* **Assignment**
This exercise calls for the line with "using T1(1) reorder_lists_reorder_steps[of", the line with "using T1(2) L(2) by simp", and all lines between them in the material below, output exactly and with no other lines.

--- Material for this task Enclosed Below ---

lemma ext_multiseg_fun_upd:
  assumes E: "ext_multiseg d orth dt T"
    and keys: "mset (map standard_key L) = mset (map standard_key (T \<rho>))"
    and ord: "seg_ordered L"
    and ext: "\<forall>x\<in>set L. ext_segment x"
    and par: "even (parity_sum L - parity_sum (T \<rho>))"
  shows "ext_multiseg d orth dt (T(\<rho> := L))"
proof (cases "T \<rho> = []")
  case True
  then have "L = []"
    using keys by simp
  with True have "T(\<rho> := L) = T"
    by (simp add: fun_upd_idem_iff)
  then show ?thesis
    using E by simp
next
  case False
  define T' where "T' = T(\<rho> := L)"
  have F: "formal_ext_multiseg d orth dt T"
    using E by (rule ext_multiseg_formal)
  have supp: "supp T' = supp T"
    unfolding T'_def using keys by (rule supp_fun_upd_mset_key_eq)
  have "formal_ext_multiseg d orth dt T'"
    unfolding formal_ext_multiseg_def
  proof (intro conjI)
    show "finite (supp T')"
      using F by (simp add: supp formal_ext_multiseg_def)
    show "\<forall>\<sigma>. \<forall>s\<in>set (T' \<sigma>). formal_ext_segment s"
      using F ext by (simp add: T'_def formal_ext_multiseg_def ext_segment_def)
    have "seg_ordered (T' \<sigma>)" for \<sigma>
      using F ord by (simp add: T'_def formal_ext_multiseg_seg_ordered)
    then show "\<forall>\<sigma>. \<forall>i<length (T' \<sigma>). \<forall>j<length (T' \<sigma>).
        segA (T' \<sigma> ! i) > segA (T' \<sigma> ! j) \<and> segB (T' \<sigma> ! i) > segB (T' \<sigma> ! j) \<longrightarrow> i > j"
      by (simp add: seg_ordered_iff)
    have "(\<forall>s\<in>set L. segA s + segB s \<ge> 0) \<longleftrightarrow> (\<forall>s\<in>set (T \<rho>). segA s + segB s \<ge> 0)"
      by (rule ball_set_eq_if_mset_key_eq[OF keys]) (auto dest!: standard_key_eqD)
    then show "\<forall>\<sigma>. \<forall>s\<in>set (T' \<sigma>). segA s + segB s \<ge> 0"
      using F by (simp add: T'_def formal_ext_multiseg_def)
    show "good_parity_param d orth dt T'"
      unfolding T'_def using F keys by (simp add: formal_ext_multiseg_def good_parity_param_fun_upd)
    have "parity_sum (T' \<sigma>) =
        parity_sum (T \<sigma>) + (if \<sigma> = \<rho> then parity_sum L - parity_sum (T \<rho>) else 0)" for \<sigma>
      by (simp add: T'_def)
    moreover have "\<rho> \<in> supp T"
      using False by (simp add: supp_def)
    ultimately have "(\<Sum>\<sigma>\<in>supp T. parity_sum (T' \<sigma>)) =
        (\<Sum>\<sigma>\<in>supp T. parity_sum (T \<sigma>)) + (parity_sum L - parity_sum (T \<rho>))"
      using F by (simp add: sum.distrib formal_ext_multiseg_def)
    then show "even (\<Sum>\<sigma>\<in>supp T'. parity_sum (T' \<sigma>))"
      using F par by (simp add: supp formal_ext_multiseg_def)
  qed
  then show ?thesis
    using E ext by (simp add: ext_multiseg_def T'_def)
qed

lemma ext_multiseg_reorder_step:
  assumes "ext_multiseg d orth dt T" "condN T" "reorder_step T T'"
  shows "ext_multiseg d orth dt T'"
proof -
  obtain \<rho> L where L: "reorder_list (T \<rho>) L" and T': "T' = T(\<rho> := L)"
    using assms(3) by (rule reorder_stepE)
  have ext: "\<forall>x\<in>set (T \<rho>). ext_segment x"
    using assms(1) by (simp add: ext_multiseg_def)
  show ?thesis
    unfolding T'
  proof (rule ext_multiseg_fun_upd[OF assms(1)])
    show "mset (map standard_key L) = mset (map standard_key (T \<rho>))"
      using L by (rule reorder_list_mset_standard_key)
    have "seg_ordered (T \<rho>)"
      using assms(1) by (intro formal_ext_multiseg_seg_ordered ext_multiseg_formal)
    with L show "seg_ordered L"
      by (rule reorder_list_seg_ordered)
    have "condN_list (T \<rho>)"
      using assms(2) by (simp add: condN_iff_condN_list)
    with L show "\<forall>x\<in>set L. ext_segment x"
      using ext by (rule reorder_list_ext_segments)
    have "\<forall>x\<in>set (T \<rho>). formal_ext_segment x"
      using ext by (simp add: ext_segment_def)
    with L show "even (parity_sum L - parity_sum (T \<rho>))"
      by (rule reorder_list_parity_sum)
  qed
qed

lemma normal_form_reorder_step:
  assumes "condN T" "reorder_step T T'"
  shows "mset (normal_form [] (T' \<sigma>)) = mset (normal_form [] (T \<sigma>))"
proof -
  obtain \<rho> L where L: "reorder_list (T \<rho>) L" and T': "T' = T(\<rho> := L)"
    using assms(2) by (rule reorder_stepE)
  have "condN_list (T \<rho>)"
    using assms(1) by (simp add: condN_iff_condN_list)
  then have "mset (normal_form [] L) = mset (normal_form [] (T \<rho>))"
    using L by (intro reorder_list_normal_form)
  then show ?thesis
    by (simp add: T')
qed

lemma reorder_steps_standard:
  assumes "finite (supp T)" "\<forall>\<rho>. seg_ordered (T \<rho>)"
  shows "\<exists>T'. reorder_step\<^sup>*\<^sup>* T T' \<and> standard T'"
proof -
  have "\<exists>T'. reorder_step\<^sup>*\<^sup>* T T' \<and> (\<forall>\<rho>\<in>F. sorted (map standard_key (T' \<rho>))) \<and>
      (\<forall>\<rho>. \<rho> \<notin> F \<longrightarrow> T' \<rho> = T \<rho>)" if "finite F" for F
    using that
  proof (induction F rule: finite_induct)
    case empty
    then show ?case by auto
  next
    case (insert \<rho> F)
    then obtain T1 where T1: "reorder_step\<^sup>*\<^sup>* T T1" "\<forall>\<sigma>\<in>F. sorted (map standard_key (T1 \<sigma>))"
        "\<forall>\<sigma>. \<sigma> \<notin> F \<longrightarrow> T1 \<sigma> = T \<sigma>"
      by blast
    have "seg_ordered (T1 \<rho>)"
      using assms(2) T1(3) insert.hyps(2) by simp
    then obtain L where L: "reorder_list\<^sup>*\<^sup>* (T1 \<rho>) L" "sorted (map standard_key L)"
      using reorder_list_sorted by blast
    have "reorder_step\<^sup>*\<^sup>* T (T1(\<rho> := L))"
      using T1(1) reorder_lists_reorder_steps[of T1 \<rho> L, OF L(1)] by (rule rtranclp_trans)
    moreover have "\<forall>\<sigma>\<in>insert \<rho> F. sorted (map standard_key ((T1(\<rho> := L)) \<sigma>))"
      using T1(2) L(2) by simp
    moreover have "\<forall>\<sigma>. \<sigma> \<notin> insert \<rho> F \<longrightarrow> (T1(\<rho> := L)) \<sigma> = T \<sigma>"
      using T1(3) by simp
    ultimately show ?case
      by blast
  qed
  from this[OF assms(1)] obtain T' where T': "reorder_step\<^sup>*\<^sup>* T T'"
      "\<forall>\<rho>\<in>supp T. sorted (map standard_key (T' \<rho>))" "\<forall>\<rho>. \<rho> \<notin> supp T \<longrightarrow> T' \<rho> = T \<rho>"
    by blast
  have "sorted (map standard_key (T' \<rho>))" for \<rho>
    using T'(2,3) by (cases "\<rho> \<in> supp T") (auto simp: supp_def)
  then show ?thesis
    using T'(1) by (auto simp: standard_iff)
qed

lemma Rep_condN: "Rep d orth dt S \<Longrightarrow> T \<in> equiv_class S \<Longrightarrow> condN T"
  by (simp add: Rep_def)

lemma reorder_steps_equiv_class: "reorder_step\<^sup>*\<^sup>* S T \<Longrightarrow> T \<in> equiv_class S"
  by (simp add: equiv_class_def rtranclp_into_equivclp)

lemma Rep_reorder_steps_ext_multiseg:
  assumes "Rep d orth dt S" "reorder_step\<^sup>*\<^sup>* S T"
  shows "ext_multiseg d orth dt T"
  using assms(2)
proof (induction rule: rtranclp_induct)
  case base
  then show ?case
    using assms(1) by (simp add: Rep_def)
next
  case (step T T')
  have "condN T"
    using assms(1) step.hyps(1) by (intro Rep_condN reorder_steps_equiv_class)
  with step.IH show ?case
    using step.hyps(2) by (rule ext_multiseg_reorder_step)
qed

lemma Rep_equiv_class_normal_form:
  assumes "Rep d orth dt S" "T \<in> equiv_class S"
  shows "mset (normal_form [] (T \<sigma>)) = mset (normal_form [] (S \<sigma>))"
proof -
  have "equivclp reorder_step S T"
    using assms(2) by (simp add: equiv_class_def)
  then show ?thesis
  proof (induction rule: equivclp_induct)
    case base
    then show ?case by simp
  next
    case (step T T')
    have "equivclp reorder_step S T'"
      using equivclp_into_equivclp[of reorder_step S T T'] step.hyps by blast
    then have "condN T" "condN T'"
      using assms(1) step.hyps(1) by (simp_all add: Rep_condN equiv_class_def)
    have "mset (normal_form [] (T' \<sigma>)) = mset (normal_form [] (T \<sigma>))"
      using step.hyps(2)
    proof
      assume "reorder_step T T'"
      with \<open>condN T\<close> show ?thesis
        by (rule normal_form_reorder_step)
    next
      assume "reorder_step T' T"
      with \<open>condN T'\<close> show ?thesis
        by (rule normal_form_reorder_step[symmetric])
    qed
    with step.IH show ?case
      by simp
  qed
qed

lemma standard_condN_unique:
  assumes "standard T1" "condN T1" "standard T2" "condN T2"
    and "\<And>\<rho>. mset (normal_form [] (T1 \<rho>)) = mset (normal_form [] (T2 \<rho>))"
  shows "T1 = T2"
proof
  fix \<rho>
  show "T1 \<rho> = T2 \<rho>"
    using assms(1-4) by (intro sorted_condN_list_unique assms(5))
      (simp_all add: standard_iff condN_iff_condN_list)
qed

--- End of Enclosed Material for this task ---

* **Response to the exercise**
      using T1(1) reorder_lists_reorder_steps[of T1 \<rho> L, OF L(1)] by (rule rtranclp_trans)
    moreover have "\<forall>\<sigma>\<in>insert \<rho> F. sorted (map standard_key ((T1(\<rho> := L)) \<sigma>))"
      using T1(2) L(2) by simp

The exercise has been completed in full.